Keeping in mind that Koch is pronounced ‘cock’, and keeping in mind that they are the family that star in our German textbooks, you have to ask yourself this: what sadist decided to feature a family called Koch in our textbooks? They know that they are going to be read out by the naff and the sad (German teachers) to a load of giggling and hysterical girls obsessed with boys and rudey-dudeyness. The family could have been called anything, couldn’t they? Schwartz or Schmidt, for instance, but oh no, it had to be the Kochs and their spangleferkels. How many sausages can one family eat? In the Kochs’ case, the answer is A LOT.

I put my hand up because I am sehr interested in the Kochs.

Herr Kamyer said, “ Ja, Georgia?”

I said, “Herr Kamyer, did all the Kochs go camping, or was it just the little Kochs and the big Kochs stayed behind? Or was it a mixture of little and big Kochs that came out?”
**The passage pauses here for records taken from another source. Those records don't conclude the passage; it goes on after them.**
lemma net_rate_pos:
  assumes "0 \<le> s" "s < sbar" shows "0 < net_rate s"
proof (rule ccontr)
  assume "\<not> 0 < net_rate s"
  moreover have "0 < net_rate 0" using birth_pos[of 0] death_0 by simp
  ultimately obtain z where "0 \<le> z" "z \<le> s" "net_rate z = 0"
    using IVT2[of net_rate s 0 0] isCont_net_rate assms(1) by auto
  moreover have "z \<noteq> 0" using \<open>0 < net_rate 0\<close> \<open>net_rate z = 0\<close> by auto
  ultimately show False using sbar_unique[of z] assms by auto
qed

lemma net_rate_pos_left:
  obtains a where "a < 0" "\<And>y. a < y \<Longrightarrow> y < sbar \<Longrightarrow> 0 < net_rate y"
proof -
  have "0 < net_rate 0" using net_rate_pos[of 0] sbar_pos by simp
  with isCont_net_rate[of 0, unfolded isCont_def] have "\<forall>\<^sub>F y in at 0. 0 < net_rate y"
    by (rule order_tendstoD(1))
  then obtain d where "0 < d" "\<And>y. y \<noteq> 0 \<Longrightarrow> dist y 0 < d \<Longrightarrow> 0 < net_rate y"
    unfolding eventually_at by blast
  then have "0 < net_rate y" if "- d < y" "y < sbar" for y
    using that net_rate_pos[of y] \<open>0 < net_rate 0\<close> by (cases "y < 0") (auto simp: dist_real_def)
  then show ?thesis using \<open>0 < d\<close> by (intro that[of "- d"]) auto
qed

sublocale crossing_integrand log_ratio sbar
proof
  fix v :: real
  show "0 < v \<Longrightarrow> v < sbar \<Longrightarrow> log_ratio v < 0"
    using net_rate_pos[of v] birth_pos[of v] death_pos[of v] unfolding log_ratio_def by simp
  show "sbar < v \<Longrightarrow> 0 < log_ratio v"
    using net_rate_neg[of v] birth_pos[of v] death_pos[of v] sbar_pos unfolding log_ratio_def by simp
qed (use sbar_pos set_integrable_log_ratio continuous_on_log_ratio in auto)

lemma solution_approaches_sbar:
  assumes sol: "is_solution net_rate x" and "0 \<le> x 0"
  shows "\<And>r t. 0 \<le> r \<Longrightarrow> r \<le> t \<Longrightarrow> x r \<le> x t \<and> x t \<le> sbar \<or> sbar \<le> x t \<and> x t \<le> x r"
    and "(x \<longlongrightarrow> sbar) at_top"
proof -
  obtain a where "a < 0" and pos: "\<And>y. a < y \<Longrightarrow> y < sbar \<Longrightarrow> 0 < net_rate y"
    using net_rate_pos_left by blast
  define b where "b = max (x 0) sbar + 1"
  have "a < x 0" "a < sbar" "x 0 < b" "sbar < b"
    using \<open>a < 0\<close> assms(2) sbar_pos unfolding b_def by auto
  have nonneg: "0 \<le> net_rate y" if "a < y" "y < sbar" for y
    using pos[OF that] by simp
  have neg: "net_rate y < 0" if "sbar < y" "y < b" for y
    using net_rate_neg[OF that(1)] .
  have nonpos: "net_rate y \<le> 0" if "sbar < y" "y < b" for y
    using neg[OF that] by simp
  show "x r \<le> x t \<and> x t \<le> sbar \<or> sbar \<le> x t \<and> x t \<le> x r" if "0 \<le> r" "r \<le> t" for r t
  proof (cases "x 0 \<le> sbar")
    case True
    note below = solution_mono_on_below[OF sol \<open>a < x 0\<close> True \<open>sbar < b\<close> nonneg nonpos]
    show ?thesis using monotone_onD[OF below(1), of r t] below(2)[of t] that by auto
  next
    case False
    then have "sbar \<le> x 0" by simp
    note above = solution_antimono_on_above[OF sol \<open>a < sbar\<close> \<open>sbar \<le> x 0\<close> \<open>x 0 < b\<close>
        nonneg nonpos]
    show ?thesis using monotone_onD[OF above(1), of r t] above(2)[of t] that by auto
  qed
  show "(x \<longlongrightarrow> sbar) at_top"
  proof (cases "x 0 \<le> sbar")
    case True
    show ?thesis
      by (rule solution_tendsto_from_below[OF sol \<open>a < x 0\<close> True \<open>sbar < b\<close>
            continuous_on_net_rate pos nonpos])
  next
    case False
    then have "sbar \<le> x 0" by simp
    show ?thesis
      by (rule solution_tendsto_from_above[OF sol \<open>a < sbar\<close> \<open>sbar \<le> x 0\<close> \<open>x 0 < b\<close>
            continuous_on_net_rate nonneg neg])
  qed
qed

lemma sbar_stable:
  "\<forall>\<epsilon>>0. \<exists>\<delta>>0. \<forall>x. is_solution net_rate x \<and> 0 \<le> x 0 \<and> \<bar>x 0 - sbar\<bar> < \<delta>
              \<longrightarrow> (\<forall>t\<ge>0. \<bar>x t - sbar\<bar> < \<epsilon>)"
proof (intro allI impI)
  fix \<epsilon> :: real assume "0 < \<epsilon>"
  have "\<bar>x t - sbar\<bar> < \<epsilon>"
    if "is_solution net_rate x \<and> 0 \<le> x 0 \<and> \<bar>x 0 - sbar\<bar> < \<epsilon>" "0 \<le> t" for x t
    using solution_approaches_sbar(1)[of x 0 t] that by auto
  then show "\<exists>\<delta>>0. \<forall>x. is_solution net_rate x \<and> 0 \<le> x 0 \<and> \<bar>x 0 - sbar\<bar> < \<delta>
              \<longrightarrow> (\<forall>t\<ge>0. \<bar>x t - sbar\<bar> < \<epsilon>)"
    using \<open>0 < \<epsilon>\<close> by blast
qed

lemma potential_antimono_along_solution:
  assumes sol: "is_solution net_rate x" and "0 \<le> x 0"
  shows "antimono_on {0..} (\<lambda>t. potential (x t))"
proof (rule monotone_onI)
  fix r t :: real assume "r \<in> {0..}" "t \<in> {0..}" "r \<le> t"
  moreover have "0 \<le> x r"
    using solution_approaches_sbar(1)[OF sol assms(2), of 0 r] \<open>r \<in> {0..}\<close> assms(2) sbar_pos by auto
  ultimately show "potential (x t) \<le> potential (x r)"
    using solution_approaches_sbar(1)[OF sol assms(2), of r t] potential_antimono potential_mono by auto
qed

end

theorem lemma5p2:
  fixes kb kd :: "nat \<Rightarrow> real" and sbar :: real
  defines "f \<equiv> (\<lambda>s. birth kb s - death kd s)"
      and "V \<equiv> (\<lambda>s::real. LBINT v=ereal sbar..ereal s. ln (death kd v / birth kb v))"
  assumes kb_nonneg: "\<And>n. kb n \<ge> 0" and kd_nonneg: "\<And>n. kd n \<ge> 0"
      and kb_fin: "finite {n. kb n \<noteq> 0}" and kd_fin: "finite {n. kd n \<noteq> 0}"
      and k0: "kb 0 > 0"
      and death_ex: "\<exists>n\<ge>1. kd n > 0"
      and degree: "n_d kd > n_u kb \<or> (n_d kd = n_u kb \<and> kd (n_d kd) > kb (n_u kb))"
      and sbar_pos: "sbar > 0" and sbar_eq: "f sbar = 0"
      and sbar_unique: "\<And>s. s > 0 \<Longrightarrow> f s = 0 \<Longrightarrow> s = sbar"
      and nondeg: "deriv f sbar \<noteq> 0"
  shows "(\<forall>s\<ge>0. V s \<ge> 0 \<and> (V s = 0 \<longleftrightarrow> s = sbar))
       \<and> (\<forall>x. is_solution f x \<and> x 0 \<ge> 0 \<longrightarrow> antimono_on {0..} (\<lambda>t. V (x t)))
       \<and> (\<forall>\<epsilon>>0. \<exists>\<delta>>0. \<forall>x. is_solution f x \<and> x 0 \<ge> 0 \<and> \<bar>x 0 - sbar\<bar> < \<delta>
              \<longrightarrow> (\<forall>t\<ge>0. \<bar>x t - sbar\<bar> < \<epsilon>))
       \<and> (\<forall>x. is_solution f x \<and> x 0 \<ge> 0 \<longrightarrow> (x \<longlongrightarrow> sbar) at_top)"
proof -
  interpret birth_death_equilibrium kb kd sbar
  proof unfold_locales
    show "birth kb sbar = death kd sbar" using sbar_eq unfolding f_def by simp
    show "\<And>s. 0 < s \<Longrightarrow> birth kb s = death kd s \<Longrightarrow> s = sbar"
      using sbar_unique unfolding f_def by simp
  qed (fact kb_nonneg kd_nonneg kb_fin kd_fin k0 death_ex degree sbar_pos)+
  have V: "V = potential"
    unfolding V_def by (simp add: fun_eq_iff potential_def log_ratio_def)
  have f: "f = net_rate" by (simp add: f_def)
  show ?thesis
    unfolding V f
    using potential_nonneg potential_eq_0_iff potential_antimono_along_solution sbar_stable
      solution_approaches_sbar(2) by blast
qed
The whole class was in uproar. Herr Kamyer was, as usual, completely bewildered. He said, “Vat is zo funny about the Kochs? Do you not haf the Kochs in England?”

Happy days.

As we lolloped off I said, “German is such a restful and amusing language, isn’t it? Incomprehensible, obviously. As, indeed, are the lederhosen that the Germans go yodelling in.”
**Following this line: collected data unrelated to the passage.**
lemma (in prob_space) AE_nonneg_if_laplace_le_1:
  assumes [measurable]: "Y \<in> borel_measurable M"
    and laplace: "\<And>u. 0 \<le> u \<Longrightarrow> (\<integral>\<^sup>+\<omega>. ennreal (exp (- u * Y \<omega>)) \<partial>M) \<le> 1"
  shows "AE \<omega> in M. 0 \<le> Y \<omega>"
proof -
  \<comment> \<open>If \<open>p = P(Y \<le> -e) > 0\<close>, then \<open>u = 1/(e p)\<close> gives
    \<open>1 \<ge> E exp(-u Y) \<ge> p exp(u e) \<ge> p (1 + u e) = p + 1\<close>.\<close>
  have null: "prob {\<omega> \<in> space M. Y \<omega> \<le> -e} = 0" if e: "0 < e" for e
  proof (rule ccontr)
    define A where "A = {\<omega> \<in> space M. Y \<omega> \<le> -e}"
    assume "prob {\<omega> \<in> space M. Y \<omega> \<le> -e} \<noteq> 0"
    then have p: "0 < prob A" unfolding A_def by (simp add: zero_less_measure_iff)
    define u where "u = 1 / (e * prob A)"
    have u: "0 \<le> u" using e p by (simp add: u_def)
    have "A \<in> sets M" unfolding A_def by measurable
    then have "ennreal (exp (u * e) * prob A) = (\<integral>\<^sup>+\<omega>. ennreal (exp (u * e)) * indicator A \<omega> \<partial>M)"
      by (simp add: nn_integral_cmult_indicator emeasure_eq_measure ennreal_mult')
    also have "\<dots> \<le> (\<integral>\<^sup>+\<omega>. ennreal (exp (- u * Y \<omega>)) \<partial>M)"
    proof (intro nn_integral_mono)
      fix \<omega>
      show "ennreal (exp (u * e)) * indicator A \<omega> \<le> ennreal (exp (- u * Y \<omega>))"
      proof (cases "\<omega> \<in> A")
        case True
        then have "u * e \<le> - u * Y \<omega>" using mult_left_mono[of "Y \<omega>" "-e" u] u by (simp add: A_def)
        then show ?thesis using True by simp
      qed simp
    qed
    also have "\<dots> \<le> 1" using laplace[OF u] .
    finally have "exp (u * e) * prob A \<le> 1" by simp
    moreover have "prob A + 1 = prob A * (1 + u * e)" using p e by (simp add: u_def field_simps)
    moreover have "prob A * (1 + u * e) \<le> exp (u * e) * prob A"
      using p by (simp add: mult.commute)
    ultimately show False using p by linarith
  qed
  have "AE \<omega> in M. - inverse (real (Suc n)) < Y \<omega>" for n
    using null[of "inverse (real (Suc n))"]
    by (subst AE_iff_measurable[OF _ refl]) (auto simp: emeasure_eq_measure not_less)
  then have "AE \<omega> in M. \<forall>n. - inverse (real (Suc n)) < Y \<omega>" by (simp add: AE_all_countable)
  then show ?thesis
  proof eventually_elim
    case (elim \<omega>)
    show ?case
    proof (rule ccontr)
      assume "\<not> 0 \<le> Y \<omega>"
      then obtain n where "inverse (real (Suc n)) < - Y \<omega>" using reals_Archimedean[of "- Y \<omega>"] by auto
      with elim[rule_format, of n] show False by linarith
    qed
  qed
qed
Jas was in Jasland and said, “You think The Sound of Music is what Germany is like, don’t you? That’s why you always rave on about singing nuns and yodelling.”
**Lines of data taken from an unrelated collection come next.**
lemma funpow_pow2_fsq_int_displacement:
  assumes "1 \<le> m" "exact_pow2_dvd m x"
  shows "\<exists>v. (fsq_int^^(2^k)) x - x = 2^(2*m + k) * v \<and> odd v"
  using assms(2)
proof (induction k arbitrary: x)
  case 0
  then show ?case using fsq_int_displacement by simp
next
  case (Suc k)
  define h where "h = fsq_int^^(2^k)"
  obtain v where v: "h x - x = 2^(2*m + k) * v" "odd v"
    using Suc.IH[OF Suc.prems] unfolding h_def by blast
  have "exact_pow2_dvd m (h x)"
    unfolding h_def using exact_pow2_dvd_funpow_fsq_int[OF assms(1) Suc.prems] .
  then obtain v' where v': "h (h x) - h x = 2^(2*m + k) * v'"
    using Suc.IH unfolding h_def by blast
  have "even x" using Suc.prems assms(1) by (auto simp: exact_pow2_dvd_def)
  moreover have "(4::int) dvd 2^(2*m + k)"
    using le_imp_power_dvd[of 2 "2*m + k" "2::int"] assms(1) by simp
  then have "4 dvd h x - x" using v(1) by simp
  ultimately have "4 * (h x - x) dvd h (x + (h x - x)) - h x - (h x - x)"
    unfolding h_def by (rule funpow_fsq_int_diff)
  then have "(2^(2*m + k) * 4) * v dvd 2^(2*m + k) * (v' - v)"
    using v v' by (simp add: algebra_simps)
  then have "2^(2*m + k) * 4 dvd 2^(2*m + k) * (v' - v)"
    using dvd_mult_left by blast
  then have "4 dvd v' - v" by simp
  then obtain w where "v' - v = 4 * w" by (elim dvdE)
  then have w: "v' = v + 4 * w" by simp
  have "(fsq_int^^(2^Suc k)) x - x = h (h x) - x"
    unfolding h_def by (simp add: funpow_add mult_2)
  also have "\<dots> = (h (h x) - h x) + (h x - x)" by simp
  also have "\<dots> = 2^(2*m + Suc k) * (v + 2 * w)"
    unfolding v v' w by (simp add: algebra_simps)
  finally show ?case using v(2) by auto
qed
“Well, The Sound of Music is, of course, a documentary-style film. You can’t argue with facts, and I do know what I’m talking about because Libby has made me watch it twelve times.”

“It was set in Austria.”

“Yes…and?”

“Last term you said that Germans were obsessed with goats and cheese.”

“Yes…and?”

“That was because you had read Heidi, and that was set in Switzerland.”

“Jas, what in the name of Beelzebub’s stamp collection are you going on about?”

“You are crap at geoggers.”

Oh, rave on, fringey nitwit. (I didn’t say that bit aloud because I am grooming her to be my sidekick on the Road to Romance.)

Still, in the interests of world peace I might be forced to get the old atlas out and look at where Memphis is and so on.

Work work work, I’m so vair tired. And I still have to walk all the way home.

I wonder if Jazzy will give me a piggyback?

4:30 p.m.

No.

5:00 p.m.

I’ll be bloody glad when Gordy is allowed out. When I arrived home he had the rubber plant on his head. I’ve put the stump back in the plant pot and superglued some of the leaves back on. With a bit of luck it will be all right till we go away, and then I can blame it on whatever fool cat-sits for us.

In my bedroom

How can I find out exactly where Masimo is?

Five minutes later

I can’t trust Radio Jas to ask Tom to find out where Masimo has gone in Hamburger-a-gogo land. Anytime I ask her anything private it’s usually on the Radio Jas airwaves in about two and a half minutes. Her idea of being subtle and finding out things is that she goes out into the street and shouts, “Anyone know anything about this secret thing I am never going to mention?”

Hmmmmmmmm.

I hate to admit it, but I need the assistance of Dave the Laugh.

Donner and Blitzen!

If I could just accidentally bump into him on the way home then I wouldn’t have to phone him.

Ten minutes later

Because if I phone him and Rachel is there I will feel like a facsimile of a sham. I mean he is officially (ish) going out with her.

Five minutes later

Even though he keeps snogging me.

Ten minutes later

Anyway, how can I trust anything he says – it was him, after all, who said he fancied my mum!

But then he is also my mate and official Hornmeister.

Also, he said that I have accidentally done the right thing and become Mystery Girl with Masimo.

Tuesday May 10 th

on the way home

Jas and me were ambushed by four Foxwood lads. Two of them deliberately ran into my legs on their bikes, fell off, got back on backwards and started circling us really fast yelling, “You slags!!”